Maria’s concentration is broken by an overloud American voice. “This is what they call scrambled eggs? It’s rather like a poor omelet, I’d have thought.”
She doesn’t know about American tourists to Ireland. It is often not a pretty sight: Americans assuming, wrongly, a familiarity with a country they think of as a fifty-first state, digging for their roots like fool’s gold.
She looks over at the speaker, a woman in loose-fitting n
avy blue sweat pants and matching jacket, a red turtleneck underneath. Maria recoils from the too-girlish laugh, the stolen English diction—“rather like a poor omelet”—put on for the benefit, Maria is sure, of the woman’s companion, who actually is an Englishwoman, with a stiff English haircut and bad dentures.

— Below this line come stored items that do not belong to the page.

lemma Lp_norm_eq_infinity_of_inverse_square_le:
  fixes f :: "real \<Rightarrow> complex" and r :: ennreal
  assumes r: "0 < r" "r \<le> 1/2" and "0 < K"
    and lower: "\<forall>\<^sub>F x in at_top. K / x\<^sup>2 \<le> norm (f x)"
  shows "Lp_norm r f = \<infinity>"
proof -
  have half: "(1/2 :: ennreal) = ennreal (1/2)"
    by (simp add: divide_ennreal_def)
  define \<rho> where "\<rho> = enn2real r"
  have "r \<noteq> \<infinity>"
    using r(2) unfolding half by (auto simp: top_unique)
  then have "r = ennreal \<rho>"
    unfolding \<rho>_def by (cases r rule: ennreal_cases) simp_all
  with r have "0 < \<rho>" "\<rho> \<le> 1/2"
    unfolding half by (simp_all add: ennreal_le_iff del: ennreal_half)
  obtain X where X: "\<And>x. X \<le> x \<Longrightarrow> K / x\<^sup>2 \<le> norm (f x)"
    using lower unfolding eventually_at_top_linorder by blast
  define X1 where "X1 = max X 1"
  have "ennreal (K powr \<rho>) * (ennreal (inverse x) * indicator {X1..} x) \<le> ennreal (norm (f x) powr \<rho>)" for x
  proof (cases "X1 \<le> x")
    case True
    then have "1 \<le> x" "X \<le> x" by (auto simp: X1_def)
    then have "K powr \<rho> * inverse x \<le> norm (f x) powr \<rho>"
      using \<open>0 < \<rho>\<close> \<open>\<rho> \<le> 1/2\<close> \<open>0 < K\<close> X by (intro inverse_le_powr_of_inverse_square_le)
    then show ?thesis
      using True \<open>1 \<le> x\<close> by (simp add: ennreal_mult[symmetric] ennreal_leI)
  qed simp
  then have "(\<integral>\<^sup>+x. ennreal (K powr \<rho>) * (ennreal (inverse x) * indicator {X1..} x) \<partial>lborel) \<le>
      (\<integral>\<^sup>+x. ennreal (norm (f x) powr \<rho>) \<partial>lborel)"
    by (intro nn_integral_mono)
  moreover have "(\<integral>\<^sup>+x. ennreal (K powr \<rho>) * (ennreal (inverse x) * indicator {X1..} x) \<partial>lborel) = \<infinity>"
    using \<open>0 < K\<close> by (subst nn_integral_cmult)
      (auto simp: X1_def nn_integral_inverse_atLeast_eq_infinity ennreal_mult_top)
  ultimately show ?thesis
    using \<open>r \<noteq> \<infinity>\<close> by (simp add: Lp_norm_def Let_def \<rho>_def top_unique)
qed

lemma inverse_ennreal_ge_1_obtains_real:
  assumes "1 \<le> (p::ennreal)"
  obtains a where "inverse p = ennreal a" "0 \<le> a" "a \<le> 1"
proof (cases p)
  case (real q)
  then have "1 \<le> q"
    using assms by (simp add: ennreal_le_iff2 ennreal_1[symmetric] del: ennreal_1)
  then show ?thesis
    using real that[of "inverse q"] by (simp add: inverse_ennreal inverse_le_1_iff)
qed (use that[of 0] in auto)
lemma norm_pairing_periodize_scale_le:
  fixes s :: "'n::finite \<Rightarrow> nat" and K :: "real^'n \<Rightarrow> complex"
  assumes s_pos: "\<forall>i. 0 < s i" and zeta: "- ssum s < zeta" "zeta < 0"
    and K: "kernel_class s T zeta K"
  obtains D where "0 \<le> D" "\<And>x0 eta l. eta \<in> Bset s r \<Longrightarrow> 0 < l \<Longrightarrow> l \<le> 1 \<Longrightarrow>
    cmod (pairing T (periodize T (scale s l x0 eta)) K) \<le> D * l powr zeta"
proof -
  define S where "S = ssum s"
  have S: "0 < S" using ssum_pos[OF s_pos] by (simp add: S_def)
  define b where "b = zeta / S"
  have b: "-1 < b" "b \<le> 0" using zeta S by (auto simp: b_def field_simps S_def)
  obtain C0 where C0: "0 < C0" "\<forall>z. z \<notin> lattice T \<longrightarrow> tnorm s T z powr (- zeta) * cmod (K z) \<le> C0"
    using kernel_class_bound[OF K] by blast
  have K_prod: "\<forall>z. ennreal (cmod (K z)) \<le> ennreal C0 * (\<Prod>i\<in>UNIV. sing_powr b (coord_dist T i (z$i)))"
    using kernel_bound_product[OF s_pos _ C0] zeta by (simp add: b_def S_def)
  define c where "c = 60 * 2 powr (b+1) / (b+1)"
  define D where "D = 25 ^ CARD('n) * C0 * c ^ CARD('n)"
  show thesis
  proof
    show "0 \<le> D" using C0 b by (simp add: D_def c_def)
    fix x0 eta and l :: real assume eta: "eta \<in> Bset s r" and l: "0 < l" "l \<le> 1"
    define L where "L i = l powr real (s i)" for i
    define A where "A = 5 ^ CARD('n) * l powr (- S)"
    have L: "\<forall>i. 0 \<le> L i \<and> L i \<le> 1" using l by (auto simp: L_def intro: powr_le1)
    have supp: "supp_in_box L x0 (scale s l x0 eta)"
      unfolding L_def by (rule supp_in_box_scale[OF eta s_pos l(1)])
    have "cmod (pairing T (periodize T (scale s l x0 eta)) K) \<le> A\<^sup>2 * C0 * (\<Prod>i\<in>UNIV. c * L i powr (b+2))"
      unfolding c_def
    proof (rule norm_pairing_le[OF L b(1) _ _ K_prod])
      show "\<forall>y. periodize T (scale s l x0 eta) y \<noteq> 0 \<longrightarrow> near_mod T L x0 y"
        using periodize_nonzero_imp_near_mod[OF supp] by blast
      have "\<forall>z. \<bar>scale s l x0 eta z\<bar> \<le> l powr (- S)"
        using abs_scale_le[of eta l s x0] Bset_abs_le_1[OF eta s_pos] l by (simp add: S_def)
      thus "\<forall>y. \<bar>periodize T (scale s l x0 eta) y\<bar> \<le> A"
        using abs_periodize_le[OF supp] L by (simp add: A_def)
    qed (use C0 in \<open>simp_all add: A_def\<close>)
    also have "(\<Prod>i\<in>UNIV. c * L i powr (b+2)) = c ^ CARD('n) * l powr (2 * S + zeta)"
      using prod_powr_scaling[OF l(1), of s "b+2"] S
      by (simp add: L_def prod.distrib b_def S_def field_simps)
    also have "A\<^sup>2 * C0 * (c ^ CARD('n) * l powr (2 * S + zeta)) = D * l powr zeta"
    proof -
      have "A\<^sup>2 = 25 ^ CARD('n) * l powr (- (2 * S))"
        unfolding A_def power2_eq_square
        by (simp add: power_mult_distrib[symmetric] powr_add[symmetric] mult_ac)
      moreover have "l powr (- (2 * S)) * l powr (2 * S + zeta) = l powr zeta"
        by (simp add: powr_add[symmetric])
      ultimately show ?thesis
        by (simp add: D_def mult_ac)
    qed
    finally show "cmod (pairing T (periodize T (scale s l x0 eta)) K) \<le> D * l powr zeta" .
  qed
qed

“Not that I’d say anything to them directly about the eggs. I mean, I hate that kind of traveler. I’ve just been on one too many tours for that sort of thing. There’s always one or two who spoil everything complaining about the food. You remember that time I said to that fellow—oh, what was his name, I can’t remember—oh, yes, Thornton, that was his first name; I remembered it because of Thornton Wilder. I said to him, ‘If you’re going to do nothing but complain, just stay home.’ Everyone was really grateful. People kept coming up to me and thanking me. They were all sick of his ruining every meal with his complaints, but I was the only one with the guts to speak up. Well, I always was that way. You know that, Margaret. I really settled his hash.”
Why did you come here? Maria wants to ask. Why don’t you go home? Why don’t you shut up? The skin around her eyes is fragile from fatigue; she’s afraid it will crack if she touches it. Still, she wants to cover her eyes and ears to block out these women and the blaring of the television set, elevated like a worshiped god. But if she could cut out the sensations coming to her from the outside, she would have only what was in her own mind, more seriously tormenting than the chatter of the women or the overbright TV commentators, speaking of the weather in the west.
If she banishes the stimulus of the outside world, she will have to say the words “Who is my daughter?” To come to terms with the strangeness of the idea that her daughter is someone she doesn’t know—as you would have to recognize, lying on the side of the road on which you were being driven in an ambulance, a limb that had been cut off your own body.
Her daughter is doing things, saying things, the meaning of which she cannot even begin to understand. Her daughter is under a suicide watch. Her daughter is saying that because of the death of a young boy of whom Maria has never heard, because of the Irish peace process, in which Maria has only marginal interest, because of the nature of human beings to do harm, she is ready to die. But who has harmed you? she wants to say to Pearl, shaking her by the shoulders impatiently, a prosecutor, not a comforter. Have I not kept you away from harm? If anyone had harmed you, couldn’t you have come to me? The loud woman’s words come to her mind: I would have settled their hash. She sees herself stirring up an enormous mountain of hash, and bringing her daughter to it by the hand, so she could watch her mother flattening it down, smoothing it with a shovel.